The atrium is a moment where creative tension can exist between Lyons and M3. Having experienced a number of civic/educational buildings from each practice, I find that they take a distinctly different approach to collective vertical circulation. A typical M3 building, such as Brisbane Girls Grammar School’s Creative Learning Center, uses the atrium as a collective experience to be shared while traversing stairs and walkways; In contrast, the RMIT Swanston Academic Building by Lyons foregoes the unique atrium for more discreet and episodic experiences. In the Liveris case, the atrium is “both and”: a central coherent space punctuated by a dynamic interplay of stairs, floating cubes and visual cuts that are not orthogonal to the plan. It functions – as evidenced by a high level of student use on all levels of the building during my visit – as a series of “sticky” spaces for studying, socializing and learning. On the subject of pedagogy, it brings clarity to the diagram of stacked functional spaces. One can look directly into and through labs at the campus and city beyond, with programmatic usage changes highlighted by color shifts as one ascends, in a way that casts aside any sense of hierarchy. Here engineering is fun, accessible and inclusive, which is a triumph indeed.

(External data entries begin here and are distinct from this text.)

(* Let $n>k\geq 3$ be odd integers and let $A$ be a cyclically $k$-diagonal $n\times n$ array. Let $E=\{e_1<e_2<\dots<e_t\}\subseteq[1,n]$, let $C=(1,\dots,1)\in\{-1,1\}^n$ and let $R=(r_1,\dots,r_n)\in\{-1,1\}^n$ with $r_i=-1$ if $i\in E$ and $r_i=1$ if $i\notin E$. Let $D_1=\{(d,d):d\in[1,n]\}$ be the main diagonal and let $F:D_1\to D_1$ send $(d,d)$ to the first cell of $D_1$ occurring in the sequence $CN_{RC}(d,d),CN_{RC}^2(d,d),\dots$. Define $\Theta(d)$ to be the element of $[1,n]$ congruent to $d-(k-1)$ modulo $n$, and (when $E\neq\emptyset$) $\Omega:E\to E$, $\Omega(e_s)=e_{s+(k-1)}$, subscripts read modulo $t$. Define $S_D:[1,n]\to[1,n]$ by $S_D(d)=\Theta(\Omega(d))$ if $d\in E$ and $S_D(d)=\Theta(d)$ otherwise. Then for every $d\in[1,n]$, $F(d,d)=(S_D(d),S_D(d))$.
   Context: An $m\times n$ array is partially filled; $F(A)$ is its set of filled cells, every row and column contains at least one filled cell, and the array is toroidal (row indices mod $m$, column indices mod $n$). The row successor of $(i,j)\in F(A)$ is $s_R(i,j)=(i,j+t)$ with $t\ge1$ minimal such that this cell is filled; the column successor is $s_C(i,j)=(i+t,j)$ with $t\geq 1$ minimal such that it is filled; both are permutations of $F(A)$. For $R=(r_1,\dots,r_m)\in\{-1,1\}^m$, $C=(c_1,\dots,c_n)\in\{-1,1\}^n$, the Crazy Knight's move is $CN_{RC}(i,j)=s_C^{c_{j'}}(i,j')$ where $(i,j')=s_R^{r_i}(i,j)$. An $n\times n$ array is cyclically $k$-diagonal if its filled cells are exactly those $(i,j)$ with $i-j \bmod n\in\{0,1,\dots,k-1\}$ (the diagonals $D_1,\dots,D_k$, where $D_s=\{(s,1),(s+1,2),\dots,(s-1,n)\}$). *)

theory Defs
  imports Main
begin

text \<open>Cells are pairs (row, column) of integers; row indices range over [1,m],
 column indices over [1,n]. Toroidal index reduction to the representative in [1,n].\<close>

definition wrap :: "int \<Rightarrow> int \<Rightarrow> int" where
  "wrap n x = (x - 1) mod n + 1"

definition row_succ :: "(int \<times> int) set \<Rightarrow> int \<Rightarrow> int \<times> int \<Rightarrow> int \<times> int" where
  "row_succ A n c = (case c of (i, j) \<Rightarrow>
     (i, wrap n (j + int (LEAST t::nat. t \<ge> 1 \<and> (i, wrap n (j + int t)) \<in> A))))"

definition col_succ :: "(int \<times> int) set \<Rightarrow> int \<Rightarrow> int \<times> int \<Rightarrow> int \<times> int" where
  "col_succ A m c = (case c of (i, j) \<Rightarrow>
     (wrap m (i + int (LEAST t::nat. t \<ge> 1 \<and> (wrap m (i + int t), j) \<in> A)), j))"

definition perm_pow :: "('a \<Rightarrow> 'a) \<Rightarrow> 'a set \<Rightarrow> int \<Rightarrow> 'a \<Rightarrow> 'a" where
  "perm_pow f A r = (if r = 1 then f else the_inv_into A f)"

definition crazy_knight ::
  "(int \<times> int) set \<Rightarrow> int \<Rightarrow> int \<Rightarrow> (int \<Rightarrow> int) \<Rightarrow> (int \<Rightarrow> int) \<Rightarrow> int \<times> int \<Rightarrow> int \<times> int" where
  "crazy_knight A m n R C c = (case perm_pow (row_succ A n) A (R (fst c)) c of (i, j') \<Rightarrow>
     perm_pow (col_succ A m) A (C j') (i, j'))"

definition cyc_k_diag :: "int \<Rightarrow> int \<Rightarrow> (int \<times> int) set" where
  "cyc_k_diag n k = {(i, j). i \<in> {1..n} \<and> j \<in> {1..n} \<and> (i - j) mod n \<in> {0..k-1}}"

definition main_diag :: "int \<Rightarrow> (int \<times> int) set" where
  "main_diag n = {(d, d) | d. d \<in> {1..n}}"

definition first_return :: "('a \<Rightarrow> 'a) \<Rightarrow> 'a set \<Rightarrow> 'a \<Rightarrow> 'a" where
  "first_return f D c = (f ^^ (LEAST s::nat. s \<ge> 1 \<and> (f ^^ s) c \<in> D)) c"

definition Theta :: "int \<Rightarrow> int \<Rightarrow> int \<Rightarrow> int" where
  "Theta n k d = wrap n (d - (k - 1))"

text \<open>Omega(e_s) = e_{s+(k-1)}, subscripts mod t, where E = {e_1 < ... < e_t}.
 The (0-based) position of x in E is the number of elements of E below x.\<close>

definition Omega :: "int set \<Rightarrow> int \<Rightarrow> int \<Rightarrow> int" where
  "Omega E k x = (let es = sorted_list_of_set E; t = length es;
                      s = card {y \<in> E. y < x}
                  in es ! nat ((int s + (k - 1)) mod int t))"

definition S_D :: "int \<Rightarrow> int \<Rightarrow> int set \<Rightarrow> int \<Rightarrow> int" where
  "S_D n k E d = (if d \<in> E then Theta n k (Omega E k d) else Theta n k d)"

end

theory Submission
  imports Defs
begin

A significant part of the site has been preserved as green space through building instead of building – a rare commodity in this part of the campus.
Image: Christopher Frederick Jones
Born of a true collaboration between architects who practice at the service of ideas, the Andrew N. Liveris Building invites you to think from the moment you see it. It is a building to be read, with the occupant collecting a series of direct, contextual and digestible anecdotes, rendered through form, material and colour. Highly technical and functionally sophisticated spaces are cleverly and efficiently combined to provide an asset that the university can use for a range of educational needs. Sturdy and candid details such as handrails, stairs and other direct moments of user interaction culminate in an unpretentious yet bold, sophisticated composition to be interpreted and savored.
— Chris Knapp is Research Director of the Building 4.0 CRC and Honorary Professor at Bond University, where he served as Director of the Abedian School of Architecture. He sits on the AASA Climate Action Committee and is Director of Gold Coast design firm Studio Workshop.